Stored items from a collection
------------------------------------------------------------------------

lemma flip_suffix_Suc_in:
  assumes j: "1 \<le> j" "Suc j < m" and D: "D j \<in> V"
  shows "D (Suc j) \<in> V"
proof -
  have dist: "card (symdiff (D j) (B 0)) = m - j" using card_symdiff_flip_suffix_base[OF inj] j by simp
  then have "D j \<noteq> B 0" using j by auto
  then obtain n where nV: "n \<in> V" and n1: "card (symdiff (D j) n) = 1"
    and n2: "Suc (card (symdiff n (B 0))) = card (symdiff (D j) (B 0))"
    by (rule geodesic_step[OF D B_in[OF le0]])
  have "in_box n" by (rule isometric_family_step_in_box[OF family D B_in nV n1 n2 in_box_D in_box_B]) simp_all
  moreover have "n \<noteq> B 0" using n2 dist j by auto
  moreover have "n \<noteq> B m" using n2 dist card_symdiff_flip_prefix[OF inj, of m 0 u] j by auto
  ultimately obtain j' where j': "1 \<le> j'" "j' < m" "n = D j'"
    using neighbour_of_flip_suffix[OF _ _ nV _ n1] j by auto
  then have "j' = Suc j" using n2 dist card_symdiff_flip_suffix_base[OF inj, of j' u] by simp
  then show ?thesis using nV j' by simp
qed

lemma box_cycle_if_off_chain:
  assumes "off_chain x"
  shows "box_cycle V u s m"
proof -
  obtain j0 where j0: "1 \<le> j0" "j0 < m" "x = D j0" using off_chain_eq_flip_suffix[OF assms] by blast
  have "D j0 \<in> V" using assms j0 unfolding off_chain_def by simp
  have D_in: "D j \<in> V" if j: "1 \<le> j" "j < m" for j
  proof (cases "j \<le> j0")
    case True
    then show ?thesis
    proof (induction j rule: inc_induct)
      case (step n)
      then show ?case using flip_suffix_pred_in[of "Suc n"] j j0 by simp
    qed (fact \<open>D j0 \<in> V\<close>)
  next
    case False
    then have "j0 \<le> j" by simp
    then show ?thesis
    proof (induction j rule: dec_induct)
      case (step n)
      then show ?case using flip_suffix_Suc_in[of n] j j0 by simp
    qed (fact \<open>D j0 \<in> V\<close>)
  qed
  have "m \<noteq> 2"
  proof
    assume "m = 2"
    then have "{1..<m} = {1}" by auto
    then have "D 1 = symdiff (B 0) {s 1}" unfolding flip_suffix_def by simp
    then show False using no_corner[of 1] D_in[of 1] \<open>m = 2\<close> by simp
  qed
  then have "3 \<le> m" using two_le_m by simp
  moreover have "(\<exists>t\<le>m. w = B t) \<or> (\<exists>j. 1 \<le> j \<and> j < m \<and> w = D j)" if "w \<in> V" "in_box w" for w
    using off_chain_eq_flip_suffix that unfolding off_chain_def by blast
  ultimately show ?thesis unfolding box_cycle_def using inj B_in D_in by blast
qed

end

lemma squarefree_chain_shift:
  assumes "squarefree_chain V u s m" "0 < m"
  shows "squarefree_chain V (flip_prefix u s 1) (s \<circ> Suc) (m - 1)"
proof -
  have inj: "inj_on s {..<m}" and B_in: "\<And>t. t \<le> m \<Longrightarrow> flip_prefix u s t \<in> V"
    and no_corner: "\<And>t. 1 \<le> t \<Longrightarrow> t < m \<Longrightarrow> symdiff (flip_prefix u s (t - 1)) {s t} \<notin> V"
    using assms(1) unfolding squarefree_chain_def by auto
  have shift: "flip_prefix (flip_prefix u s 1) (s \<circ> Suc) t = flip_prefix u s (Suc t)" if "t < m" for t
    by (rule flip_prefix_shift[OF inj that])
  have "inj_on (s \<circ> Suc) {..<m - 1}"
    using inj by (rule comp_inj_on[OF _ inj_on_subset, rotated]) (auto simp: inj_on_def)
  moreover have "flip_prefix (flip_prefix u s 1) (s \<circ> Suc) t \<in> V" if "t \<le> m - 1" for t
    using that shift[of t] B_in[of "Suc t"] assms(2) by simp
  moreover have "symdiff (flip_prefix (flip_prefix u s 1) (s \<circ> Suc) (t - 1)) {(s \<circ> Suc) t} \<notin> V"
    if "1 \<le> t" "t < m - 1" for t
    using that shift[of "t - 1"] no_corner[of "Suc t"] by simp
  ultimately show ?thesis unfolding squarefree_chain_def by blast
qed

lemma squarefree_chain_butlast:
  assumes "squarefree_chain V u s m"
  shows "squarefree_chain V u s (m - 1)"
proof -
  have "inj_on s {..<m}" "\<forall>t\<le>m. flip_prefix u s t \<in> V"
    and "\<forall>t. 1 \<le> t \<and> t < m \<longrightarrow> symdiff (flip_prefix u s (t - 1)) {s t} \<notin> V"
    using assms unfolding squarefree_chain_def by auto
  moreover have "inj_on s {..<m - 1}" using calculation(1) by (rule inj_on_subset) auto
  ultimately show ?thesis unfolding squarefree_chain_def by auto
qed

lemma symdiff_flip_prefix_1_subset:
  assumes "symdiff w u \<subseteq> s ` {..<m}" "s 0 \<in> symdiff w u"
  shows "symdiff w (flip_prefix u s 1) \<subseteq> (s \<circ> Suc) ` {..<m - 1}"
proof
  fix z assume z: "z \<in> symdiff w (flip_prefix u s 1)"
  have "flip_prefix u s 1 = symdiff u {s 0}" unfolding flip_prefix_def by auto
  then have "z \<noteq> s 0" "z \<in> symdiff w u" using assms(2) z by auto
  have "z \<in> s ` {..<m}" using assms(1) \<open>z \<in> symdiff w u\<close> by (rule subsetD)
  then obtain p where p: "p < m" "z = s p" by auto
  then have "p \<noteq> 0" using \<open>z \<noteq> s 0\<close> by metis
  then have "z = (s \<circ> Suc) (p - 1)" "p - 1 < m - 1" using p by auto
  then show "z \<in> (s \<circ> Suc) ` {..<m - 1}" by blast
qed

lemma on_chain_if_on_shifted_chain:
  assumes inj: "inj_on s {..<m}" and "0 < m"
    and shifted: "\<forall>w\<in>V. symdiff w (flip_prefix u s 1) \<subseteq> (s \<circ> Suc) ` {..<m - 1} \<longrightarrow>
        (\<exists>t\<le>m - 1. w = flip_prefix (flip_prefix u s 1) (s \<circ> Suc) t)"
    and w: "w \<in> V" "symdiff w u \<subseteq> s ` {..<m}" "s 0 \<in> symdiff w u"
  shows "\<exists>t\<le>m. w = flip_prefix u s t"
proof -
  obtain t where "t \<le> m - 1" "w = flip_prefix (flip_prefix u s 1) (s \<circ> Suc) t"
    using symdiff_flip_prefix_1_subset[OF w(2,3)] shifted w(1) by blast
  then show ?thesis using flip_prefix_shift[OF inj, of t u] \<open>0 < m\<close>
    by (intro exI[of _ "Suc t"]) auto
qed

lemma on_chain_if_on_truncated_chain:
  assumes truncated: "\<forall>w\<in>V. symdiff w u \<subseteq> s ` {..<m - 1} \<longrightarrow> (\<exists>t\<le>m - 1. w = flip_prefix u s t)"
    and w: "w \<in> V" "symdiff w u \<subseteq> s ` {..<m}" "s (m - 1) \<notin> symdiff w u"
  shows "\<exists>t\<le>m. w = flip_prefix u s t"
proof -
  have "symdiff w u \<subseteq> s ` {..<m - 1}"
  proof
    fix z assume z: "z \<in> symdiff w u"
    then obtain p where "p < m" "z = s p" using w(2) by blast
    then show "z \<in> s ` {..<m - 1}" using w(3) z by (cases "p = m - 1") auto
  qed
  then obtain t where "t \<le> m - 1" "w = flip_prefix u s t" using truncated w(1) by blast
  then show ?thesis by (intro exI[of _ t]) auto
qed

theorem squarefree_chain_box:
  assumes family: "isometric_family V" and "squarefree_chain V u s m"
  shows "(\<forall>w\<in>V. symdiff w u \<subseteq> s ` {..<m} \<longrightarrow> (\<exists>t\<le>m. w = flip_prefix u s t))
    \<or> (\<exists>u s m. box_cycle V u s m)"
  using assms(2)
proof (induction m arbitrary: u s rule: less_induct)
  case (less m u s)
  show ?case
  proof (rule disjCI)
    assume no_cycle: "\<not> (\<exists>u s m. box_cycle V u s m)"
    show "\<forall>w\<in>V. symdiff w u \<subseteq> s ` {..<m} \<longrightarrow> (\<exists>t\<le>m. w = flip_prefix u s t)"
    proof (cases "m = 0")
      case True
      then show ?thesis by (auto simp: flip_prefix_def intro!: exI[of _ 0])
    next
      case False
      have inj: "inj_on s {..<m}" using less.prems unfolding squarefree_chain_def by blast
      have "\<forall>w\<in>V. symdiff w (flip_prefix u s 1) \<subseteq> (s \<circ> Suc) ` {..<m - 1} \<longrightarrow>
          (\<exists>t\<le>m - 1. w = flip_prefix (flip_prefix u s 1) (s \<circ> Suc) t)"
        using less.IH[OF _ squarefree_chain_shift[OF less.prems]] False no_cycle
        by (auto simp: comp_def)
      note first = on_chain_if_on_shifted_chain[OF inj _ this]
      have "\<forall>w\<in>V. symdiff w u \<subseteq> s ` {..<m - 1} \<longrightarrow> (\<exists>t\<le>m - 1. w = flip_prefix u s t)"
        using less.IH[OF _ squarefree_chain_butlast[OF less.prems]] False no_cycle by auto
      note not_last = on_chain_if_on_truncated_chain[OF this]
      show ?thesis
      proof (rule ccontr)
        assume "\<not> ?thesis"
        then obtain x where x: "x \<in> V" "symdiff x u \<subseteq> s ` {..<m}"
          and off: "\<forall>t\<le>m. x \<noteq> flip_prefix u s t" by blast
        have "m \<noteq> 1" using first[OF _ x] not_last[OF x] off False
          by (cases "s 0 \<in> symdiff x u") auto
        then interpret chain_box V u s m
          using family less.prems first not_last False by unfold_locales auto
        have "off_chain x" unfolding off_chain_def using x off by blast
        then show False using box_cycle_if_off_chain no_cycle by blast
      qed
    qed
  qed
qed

------------------------------------------------------------------------

## BRIEF
Copy every line of the records above that holds the word "False".

## RESPONSE BOX
    case False
    then show False using no_corner[of 1] D_in[of 1] \<open>m = 2\<close> by simp
      case False
        using less.IH[OF _ squarefree_chain_shift[OF less.prems]] False no_cycle
        using less.IH[OF _ squarefree_chain_butlast[OF less.prems]] False no_cycle by auto
        have "m \<noteq> 1" using first[OF _ x] not_last[OF x] off False
          using family less.prems first not_last False by unfold_locales auto
        then show False using box_cycle_if_off_chain no_cycle by blast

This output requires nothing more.